◆ **Prompt**
Range to reproduce from the entries below: the line with "using pq(4) total_deg_less[OF", the line with "using pq(5) vdeg_mono[OF", and every line in between. Give them exactly and give nothing else.

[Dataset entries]
════
lemma Dn_Un3_lower:
  assumes graph: "simple_graph V E" and clique: "X \<union> Y \<union> Z \<in> cliques V E t"
  shows "Dn V E X + Dn V E Y + Dn V E Z + Dn V E (X \<union> Y \<union> Z)
           \<le> 1 + Dn V E (X \<union> Y) + Dn V E (X \<union> Z) + Dn V E (Y \<union> Z)"
proof (cases "card V = 0")
  case False
  let ?c = "\<lambda>A. real (card (common_nbrs V E A))"
  have "card (common_nbrs V E X) + card (common_nbrs V E Y) + card (common_nbrs V E Z)
          + card (common_nbrs V E (X \<union> Y \<union> Z))
        \<le> card V + card (common_nbrs V E (X \<union> Y)) + card (common_nbrs V E (X \<union> Z))
          + card (common_nbrs V E (Y \<union> Z))"
    unfolding common_nbrs_Un using graph
    by (intro card_three_add_le common_nbrs_subset) (simp add: simple_graph_def)
  then have "(?c X + ?c Y + ?c Z + ?c (X \<union> Y \<union> Z)) / card V
      \<le> (card V + ?c (X \<union> Y) + ?c (X \<union> Z) + ?c (Y \<union> Z)) / card V"
    by (intro divide_right_mono) simp_all
  then have "?c X / card V + ?c Y / card V + ?c Z / card V + ?c (X \<union> Y \<union> Z) / card V
      \<le> 1 + ?c (X \<union> Y) / card V + ?c (X \<union> Z) / card V + ?c (Y \<union> Z) / card V"
    using False by (simp add: add_divide_distrib)
  moreover have Dn: "Dn V E A = ?c A / card V" if "A \<subseteq> X \<union> Y \<union> Z" for A
    using Dn_clique[OF graph clique_subset[OF clique that]] .
  moreover have "X \<subseteq> X \<union> Y \<union> Z" "Y \<subseteq> X \<union> Y \<union> Z" "Z \<subseteq> X \<union> Y \<union> Z"
    "X \<union> Y \<subseteq> X \<union> Y \<union> Z" "X \<union> Z \<subseteq> X \<union> Y \<union> Z" "Y \<union> Z \<subseteq> X \<union> Y \<union> Z"
    by auto
  ultimately show ?thesis by (simp only: Dn order_refl)
qed (simp add: Dn_def)
lemma primitive_chord_split:
  assumes prim: "primitive_binomial ends a b"
    and chord: "\<forall>v\<in>ends e. vdeg ends a v \<noteq> 0" and e: "e \<notin> keys a" "e \<notin> keys b"
  shows "\<exists>p q. lookup p \<le> lookup a \<and> lookup q \<le> lookup b \<and> p \<noteq> a \<and> 2 \<le> total_deg p
    \<and> vdeg ends p = vdeg ends (q + single e 1)"
proof -
  have ab: "vdeg ends a = vdeg ends b"
    and minimal: "\<And>p q. lookup p \<le> lookup a \<Longrightarrow> lookup q \<le> lookup b \<Longrightarrow> vdeg ends p = vdeg ends q \<Longrightarrow> p \<noteq> 0 \<Longrightarrow> p = a"
    using prim by (auto simp: primitive_binomial_def)
  obtain w1 w2 where w: "ends e = {w1, w2}" "w1 \<in> X" "w2 \<notin> X"
    using bipartition[of e] by blast
  have a_w1: "vdeg ends a w1 \<noteq> 0" and a_w2: "vdeg ends a w2 \<noteq> 0"
    using chord w(1) by auto
  obtain ea f eb g where
    A: "\<And>x. x \<in> X \<Longrightarrow> vdeg ends a x \<noteq> 0 \<Longrightarrow>
      ea x \<in> keys a \<and> f x \<notin> X \<and> ends (ea x) = {x, f x} \<and> vdeg ends b (f x) \<noteq> 0" and
    B: "\<And>y. y \<notin> X \<Longrightarrow> vdeg ends b y \<noteq> 0 \<Longrightarrow>
      eb y \<in> keys b \<and> g y \<in> X \<and> ends (eb y) = {y, g y} \<and> vdeg ends a (g y) \<noteq> 0"
    using alternating_edges_exist[OF ab] by metis
  define Z0 where "Z0 = {x \<in> X. vdeg ends a x \<noteq> 0}"
  define eb' where "eb' y = (if y = w2 then e else eb y)" for y
  define g' where "g' y = (if y = w2 then w1 else g y)" for y
  have f_ea: "f x \<notin> X \<and> ends (ea x) = {x, f x}" and ea_a: "ea x \<in> keys a" and f_b: "vdeg ends b (f x) \<noteq> 0"
    if "x \<in> Z0" for x
    using A that by (auto simp: Z0_def)
  have g'_Z0: "g' (f x) \<in> Z0 \<and> ends (eb' (f x)) = {f x, g' (f x)}" if "x \<in> Z0" for x
    using w a_w1 B f_ea[OF that] f_b[OF that] by (auto simp: g'_def eb'_def Z0_def insert_commute)
  have "w1 \<in> Z0" "Z0 \<subseteq> X"
    using w(2) a_w1 by (auto simp: Z0_def)
  then obtain Z where Z: "Z \<noteq> {}" "Z \<subseteq> Z0" "(g' \<circ> f) ` Z = Z" "inj_on ea Z" "inj_on f Z"
    "vdeg ends (edge_monom (ea ` Z)) = vdeg ends (edge_monom (eb' ` f ` Z))"
    "\<forall>v. vdeg ends (edge_monom (ea ` Z)) v \<le> 1"
    using alternating_cycle[OF _ _ f_ea g'_Z0] by (metis empty_iff)
  have Pa: "ea ` Z \<subseteq> keys a"
    using Z(2) ea_a by blast
  have eb_b: "eb' y \<in> keys b" if y: "y \<in> f ` Z" "y \<noteq> w2" for y
  proof -
    obtain x where "x \<in> Z0" "y = f x"
      using y(1) Z(2) by blast
    then show ?thesis
      using B f_ea f_b y(2) by (auto simp: eb'_def)
  qed
  have p0: "edge_monom (ea ` Z) \<noteq> 0"
    using Z(1) by (metis keys_edge_monom finite keys_zero image_is_empty)
  have w2: "w2 \<in> f ` Z"
  proof (rule ccontr)
    assume w2: "w2 \<notin> f ` Z"
    then have "eb' ` f ` Z \<subseteq> keys b"
      using eb_b by auto
    then have "edge_monom (ea ` Z) = a"
      using minimal[OF edge_monom_le[OF Pa] edge_monom_le Z(6) p0] by blast
    then have ka: "keys a = ea ` Z"
      by (metis keys_edge_monom finite)
    obtain e' where "e' \<in> keys a" "w2 \<in> ends e'"
      using a_w2 by (auto simp: vdeg_eq_0_iff)
    then obtain z where "z \<in> Z" "w2 \<in> ends (ea z)"
      using ka by auto
    then have "w2 \<in> {z, f z}" "z \<in> X"
      using f_ea Z(2) \<open>Z0 \<subseteq> X\<close> by auto
    then have "w2 = f z"
      using w(3) by auto
    then show False
      using w2 \<open>z \<in> Z\<close> by blast
  qed
  define Y where "Y = f ` Z - {w2}"
  have Yb: "eb ` Y \<subseteq> keys b"
    using eb_b by (auto simp: Y_def eb'_def)
  have "eb' ` f ` Z = insert e (eb ` Y)"
  proof -
    have "f ` Z = insert w2 Y" "eb' ` Y = eb ` Y" "eb' w2 = e"
      using w2 by (auto simp: Y_def eb'_def)
    then show ?thesis
      by (metis image_insert)
  qed
  moreover have "e \<notin> eb ` Y"
    using Yb e(2) by blast
  ultimately have Q: "edge_monom (eb' ` f ` Z) = edge_monom (eb ` Y) + single e 1"
    by (simp add: edge_monom_insert add.commute)
  define p where "p = edge_monom (ea ` Z)"
  define q where "q = edge_monom (eb ` Y)"
  have pq: "vdeg ends p = vdeg ends (q + single e 1)"
    using Z(6) Q by (simp add: p_def q_def)
  have "2 \<le> card Z"
  proof (rule ccontr)
    assume "\<not> 2 \<le> card Z"
    moreover have "card Z \<noteq> 0"
      using Z(1) by simp
    ultimately have "card Z = 1"
      by linarith
    then obtain z where Zz: "Z = {z}"
      by (rule card_1_singletonE)
    then have "z \<in> Z0" "f z = w2" "g' (f z) = z"
      using w2 Z(2,3) by auto
    then have "ends (ea z) = ends e"
      using f_ea w(1) by (simp add: g'_def)
    then have "ea z = e"
      using simple by (simp add: simple_graph_def inj_eq)
    then show False
      using ea_a[OF \<open>z \<in> Z0\<close>] e(1) by simp
  qed
  then have "2 \<le> total_deg p"
    by (simp add: p_def total_deg_edge_monom card_image Z(4))
  moreover have "p \<noteq> a"
  proof
    assume "p = a"
    have "vdeg ends (b - q) = vdeg ends (single e 1)"
      using pq edge_monom_le[OF Yb] \<open>p = a\<close> ab
      by (auto simp: fun_eq_iff vdeg_diff vdeg_add q_def)
    then have "b - q = single e 1"
      by (rule eq_single_if_vdeg_eq)
    then have "e \<in> keys b"
      by (metis in_keys_iff lookup_minus lookup_single_eq zero_diff one_neq_zero)
    with e(2) show False ..
  qed
  ultimately show ?thesis
    using pq edge_monom_le[OF Pa] edge_monom_le[OF Yb] by (auto simp: p_def q_def)
qed

lemma binom_in_ideal_if_common_edge:
  fixes J :: "('e, 'k::field) mpoly set"
  assumes J: "ideal.subspace J"
    and smaller: "\<And>a' b'. total_deg a' < n \<Longrightarrow> vdeg ends a' = vdeg ends b' \<Longrightarrow> binom a' b' \<in> J"
    and "total_deg a \<le> n" "vdeg ends a = vdeg ends b" "e \<in> keys a" "e \<in> keys b"
  shows "binom a b \<in> J"
proof (rule binom_in_ideal_cancel[OF J lookup_single_le[OF assms(5)] lookup_single_le[OF assms(6)]])
  have "a - single e 1 \<noteq> a"
  proof
    assume "a - single e 1 = a"
    then have "lookup (a - single e 1) e = lookup a e"
      by simp
    then show False
      using assms(5) by (simp add: lookup_minus in_keys_iff)
  qed
  then have "total_deg (a - single e 1) < total_deg a"
    by (intro total_deg_less) (simp add: le_fun_def lookup_minus)
  moreover have "vdeg ends (a - single e 1) = vdeg ends (b - single e 1)"
    using assms(4) lookup_single_le[OF assms(5)] lookup_single_le[OF assms(6)] by (simp add: fun_eq_iff vdeg_diff)
  ultimately show "binom (a - single e 1) (b - single e 1) \<in> J"
    using smaller assms(3) by simp
qed

lemma binom_in_ideal_if_primitive_below:
  fixes J :: "('e, 'k::field) mpoly set"
  assumes J: "ideal.subspace J"
    and smaller: "\<And>a' b'. total_deg a' < n \<Longrightarrow> vdeg ends a' = vdeg ends b' \<Longrightarrow> binom a' b' \<in> J"
    and "total_deg a \<le> n" "vdeg ends a = vdeg ends b"
    and pq: "lookup p \<le> lookup a" "lookup q \<le> lookup b" "primitive_binomial ends p q" "p \<noteq> a"
  shows "binom a b \<in> J"
proof -
  have vdeg_pq: "vdeg ends p = vdeg ends q" and "p \<noteq> 0"
    using pq(3) by (simp_all add: primitive_binomial_def)
  have "binom p q \<in> J"
    using smaller total_deg_less[OF pq(1,4)] vdeg_pq assms(3) by simp
  then have "binom a (a - p + q) \<in> J"
    by (rule binom_in_ideal_replace[OF J pq(1)])
  moreover have "binom (a - p + q) b \<in> J"
  proof -
    obtain e where "e \<in> keys q"
      using \<open>p \<noteq> 0\<close> vdeg_eq_imp_zero_iff[OF vdeg_pq] by fastforce
    then have "e \<in> keys (a - p + q)" "e \<in> keys b"
      using keys_mono[OF pq(2)] by (simp add: in_keys_iff lookup_add, blast)
    moreover have "total_deg (a - p + q) \<le> n"
      using total_deg_eq_if_vdeg_eq[OF vdeg_pq] total_deg_diff[OF pq(1)] total_deg_less[OF pq(1,4)] assms(3)
      by (simp add: total_deg_add)
    moreover have "vdeg ends (a - p + q) = vdeg ends b"
      using vdeg_mono[OF pq(2), of ends] vdeg_pq assms(4)
      by (simp add: fun_eq_iff vdeg_add vdeg_diff[OF pq(1)])
    ultimately show ?thesis
      using binom_in_ideal_if_common_edge[OF J smaller] by blast
  qed
  ultimately show ?thesis
    by (rule binom_in_ideal_trans[OF J])
qed

lemma binom_in_ideal_if_chord:
  fixes J :: "('e, 'k::field) mpoly set"
  assumes J: "ideal.subspace J"
    and smaller: "\<And>a' b'. total_deg a' < n \<Longrightarrow> vdeg ends a' = vdeg ends b' \<Longrightarrow> binom a' b' \<in> J"
    and "total_deg a \<le> n" and prim: "primitive_binomial ends a b"
    and chord: "\<forall>v\<in>ends e. vdeg ends a v \<noteq> 0" "e \<notin> keys a" "e \<notin> keys b"
  shows "binom a b \<in> J"
proof -
  have ab: "vdeg ends a = vdeg ends b"
    using prim by (simp add: primitive_binomial_def)
  obtain p q where pq: "lookup p \<le> lookup a" "lookup q \<le> lookup b" "p \<noteq> a"
    "2 \<le> total_deg p" "vdeg ends p = vdeg ends (q + single e 1)"
    using primitive_chord_split[OF prim chord] by blast
  let ?s = "single e 1"
  have "binom p (q + ?s) \<in> J"
    using smaller total_deg_less[OF pq(1,3)] pq(5) assms(3) by simp
  then have "binom a (a - p + (q + ?s)) \<in> J"
    by (rule binom_in_ideal_replace[OF J pq(1)])
  moreover have "binom (a - p + ?s) (b - q) \<in> J"
  proof (rule smaller)
    show "total_deg (a - p + ?s) < n"
      using pq(4) total_deg_less[OF pq(1,3)] assms(3)
      by (simp add: total_deg_add total_deg_diff[OF pq(1)] total_deg_single)
    show "vdeg ends (a - p + ?s) = vdeg ends (b - q)"
    proof
      fix v
      have "vdeg ends p v = vdeg ends q v + vdeg ends ?s v" "vdeg ends p v \<le> vdeg ends b v"
        using pq(5) vdeg_mono[OF pq(1), of ends v] ab by (simp_all add: vdeg_add)
      then show "vdeg ends (a - p + ?s) v = vdeg ends (b - q) v"
        using ab by (simp add: vdeg_add vdeg_diff[OF pq(1)] vdeg_diff[OF pq(2)])
    qed
  qed
  then have "binom (q + (a - p + ?s)) (q + (b - q)) \<in> J"
    by (rule binom_in_ideal_shift[OF J])
  then have "binom (a - p + (q + ?s)) b \<in> J"
    using pm_diff_add[OF pq(2)] by (simp add: ac_simps)
  ultimately show ?thesis
    by (rule binom_in_ideal_trans[OF J])
qed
════
◆ **Task response**
      using pq(4) total_deg_less[OF pq(1,3)] assms(3)
      by (simp add: total_deg_add total_deg_diff[OF pq(1)] total_deg_single)
    show "vdeg ends (a - p + ?s) = vdeg ends (b - q)"
    proof
      fix v
      have "vdeg ends p v = vdeg ends q v + vdeg ends ?s v" "vdeg ends p v \<le> vdeg ends b v"
        using pq(5) vdeg_mono[OF pq(1), of ends v] ab by (simp_all add: vdeg_add)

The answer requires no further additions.